Precision medicine (PM), also known as personalized medicine, has long been considered as the best customized treatment plan for patients. Its main purpose is to achieve the maximized therapeutic effect and the minimized side effects. More specifically speaking, it is not only closely based on personal genome information, but also combined with the relevant environmental information within proteome, metabolomics, etc. Compared to the traditional medical care, PM is considered much more targeted. In the process of conducting PM, the most important step is to adopt the latest genetic testing technology. After detecting the patient's genome, the accurate defects of the disease are directly found so as to enable the doctors to choose the PM. Therefore, this kind of medical model, with the rapid development of molecular biological techniques, is now providing us with many more opportunities to the challenges of early diagnosis and treatment of these diseases, of which the most significant one is cancer.
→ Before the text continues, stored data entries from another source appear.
lemma esssup_abs_bounded:
  fixes f :: "'w \<Rightarrow> real"
  assumes "prob_space M" "f \<in> borel_measurable M" "AE \<omega> in M. \<bar>f \<omega>\<bar> \<le> B"
  shows "\<exists>K. esssup M (\<lambda>\<omega>. ereal \<bar>f \<omega>\<bar>) = ereal K \<and> 0 \<le> K"
proof -
  have meas: "(\<lambda>\<omega>. ereal \<bar>f \<omega>\<bar>) \<in> borel_measurable M"
    using assms(2) by measurable
  have "esssup M (\<lambda>\<omega>. ereal \<bar>f \<omega>\<bar>) \<le> ereal B"
    using assms(3) by (intro esssup_I[OF meas]) auto
  moreover have "0 \<le> esssup M (\<lambda>\<omega>. ereal \<bar>f \<omega>\<bar>)"
    using esssup_mono[of "\<lambda>_. 0" M "\<lambda>\<omega>. ereal \<bar>f \<omega>\<bar>"]
      esssup_const[of M "0 :: ereal"] prob_space.emeasure_space_1[OF assms(1)]
    by simp
  ultimately show ?thesis
    by (cases "esssup M (\<lambda>\<omega>. ereal \<bar>f \<omega>\<bar>)") auto
qed

lemma risk_estimator_sample_measurable:
  assumes "risk_estimator n R" "\<And>i. i < n \<Longrightarrow> Xs i \<in> borel_measurable M"
  shows "(\<lambda>\<omega>. R (sample n Xs \<omega>)) \<in> borel_measurable M"
proof -
  have "sample n Xs \<in> M \<rightarrow>\<^sub>M PiM {..<n} (\<lambda>_. borel)"
    unfolding sample_def by (rule measurable_restrict) (use assms(2) in auto)
  moreover have "R \<in> borel_measurable (PiM {..<n} (\<lambda>_. borel))"
    using assms(1) unfolding risk_estimator_def by blast
  ultimately show ?thesis
    using measurable_comp by (simp add: o_def)
qed

theorem mainTheorem2:
  fixes M :: "'w measure" and F :: "real measure" and n :: nat
    and X :: "'w \<Rightarrow> real" and Xs :: "nat \<Rightarrow> 'w \<Rightarrow> real"
    and \<rho> :: "('w \<Rightarrow> real) \<Rightarrow> ereal" and R :: "(nat \<Rightarrow> real) \<Rightarrow> real"
  assumes "prob_space M"
    and "X \<in> borel_measurable M" and "\<And>i. i < n \<Longrightarrow> Xs i \<in> borel_measurable M"
    and "distr M borel X = F" and "\<And>i. i < n \<Longrightarrow> distr M borel (Xs i) = F"
    and "prob_space.indep_vars M (\<lambda>_. borel)
           (\<lambda>j. case j of None \<Rightarrow> X | Some i \<Rightarrow> Xs i) (insert None (Some ` {..<n}))"
    and "risk_measure M \<rho>"
    and "risk_estimator n R"
    and "\<exists>B. AE \<omega> in M. \<bar>R (sample n Xs \<omega>)\<bar> \<le> B"
    and "AE \<omega> in M. 0 \<le> R (sample n Xs \<omega>)"
    and "\<And>c. c \<ge> 0 \<Longrightarrow> \<bar>\<rho> (S X R n Xs c)\<bar> \<noteq> \<infinity>"
  shows "(\<forall>c c'. 0 \<le> c \<and> c \<le> c' \<longrightarrow> \<rho> (S X R n Xs c') \<le> \<rho> (S X R n Xs c))
       \<and> continuous_on {0..} (\<lambda>c. \<rho> (S X R n Xs c))
       \<and> (\<forall>c c'. 0 \<le> c \<and> 0 \<le> c' \<longrightarrow>
            \<bar>\<rho> (S X R n Xs c) - \<rho> (S X R n Xs c')\<bar>
              \<le> ereal \<bar>c - c'\<bar> * esssup M (\<lambda>\<omega>. ereal \<bar>R (sample n Xs \<omega>)\<bar>))
       \<and> (0 < cstar \<rho> (S X R n Xs) \<and> cstar \<rho> (S X R n Xs) < \<infinity> \<longrightarrow>
            \<rho> (S X R n Xs (real_of_ereal (cstar \<rho> (S X R n Xs)))) = 0)"
proof -
  define Z where "Z \<omega> = R (sample n Xs \<omega>)" for \<omega>
  define g where "g = (\<lambda>c. real_of_ereal (\<rho> (S X R n Xs c)))"
  have S_eq: "S X R n Xs c = (\<lambda>\<omega>. X \<omega> + c * Z \<omega>)" for c
    unfolding S_def Z_def ..
  have Z: "Z \<in> borel_measurable M"
    unfolding Z_def by (rule risk_estimator_sample_measurable[OF assms(8,3)])
  obtain K where K: "esssup M (\<lambda>\<omega>. ereal \<bar>Z \<omega>\<bar>) = ereal K" "0 \<le> K"
    using esssup_abs_bounded[OF assms(1) Z] assms(9) unfolding Z_def by blast
  have Z_le_K: "AE \<omega> in M. Z \<omega> \<le> K"
    using esssup_AE[of "\<lambda>\<omega>. ereal \<bar>Z \<omega>\<bar>" M] unfolding K by (auto elim: AE_mp)
  have real: "\<rho> (S X R n Xs c) = ereal (g c)" if "0 \<le> c" for c
    using assms(11)[OF that] unfolding g_def by (cases "\<rho> (S X R n Xs c)") auto
  have antimono: "\<rho> (S X R n Xs c') \<le> \<rho> (S X R n Xs c)" if "c \<le> c'" for c c'
    unfolding S_eq by (rule risk_measure_add_scaled_antimono[OF assms(7,2) Z _ that])
      (use assms(10) in \<open>simp add: Z_def\<close>)
  have finite: "\<bar>\<rho> (\<lambda>\<omega>. X \<omega> + c * Z \<omega>)\<bar> \<noteq> \<infinity>" if "0 \<le> c" for c
    using assms(11)[OF that] unfolding S_eq .
  have "K-lipschitz_on {0..} g"
    unfolding g_def S_eq
    by (rule risk_measure_add_scaled_lipschitz[OF assms(7,2) Z _ Z_le_K K(2) finite])
      (use assms(10) in \<open>simp add: Z_def\<close>)
  then have "continuous_on {0..} g"
    by (rule lipschitz_on_continuous_on)
  then have "continuous_on {0..} (\<lambda>c. ereal (g c))"
    by (rule continuous_on_ereal)
  then have "continuous_on {0..} (\<lambda>c. \<rho> (S X R n Xs c))"
    by (rule continuous_on_cong[THEN iffD1, rotated 2]) (auto simp: real)
  moreover have "\<bar>\<rho> (S X R n Xs c) - \<rho> (S X R n Xs c')\<bar> \<le> ereal \<bar>c - c'\<bar> * ereal K"
    if "0 \<le> c" "0 \<le> c'" for c c'
    using lipschitz_onD[OF \<open>K-lipschitz_on {0..} g\<close>, of c c'] that real[of c] real[of c']
    by (simp add: dist_real_def mult.commute)
  moreover have "\<rho> (S X R n Xs (real_of_ereal (cstar \<rho> (S X R n Xs)))) = 0"
    if "0 < cstar \<rho> (S X R n Xs)" "cstar \<rho> (S X R n Xs) < \<infinity>"
    by (rule cstar_risk_zero[OF _ _ that])
      (auto simp: real intro: continuous_on_subset[OF \<open>continuous_on {0..} g\<close>])
  ultimately show ?thesis
    using antimono K(1) unfolding Z_def by auto
qed

end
Pancreatic cancer (PC) is a form of cancer with a high mortality rate; there are two main reasons that we know account for this: First, the patients with PC could not be diagnosed before an advanced stage due to the lack of symptoms in the early stage; second, it is due to the poor prognosis after surgical operations, radiotherapy, and chemotherapy. Recently, there has been some research which shows that we can identify mutations by making genome sequencing of the tumor tissue samples from the patients. In this way, these mutations will be an important part for early diagnosis and targeting of drugs for the precise treatment of patients.[1]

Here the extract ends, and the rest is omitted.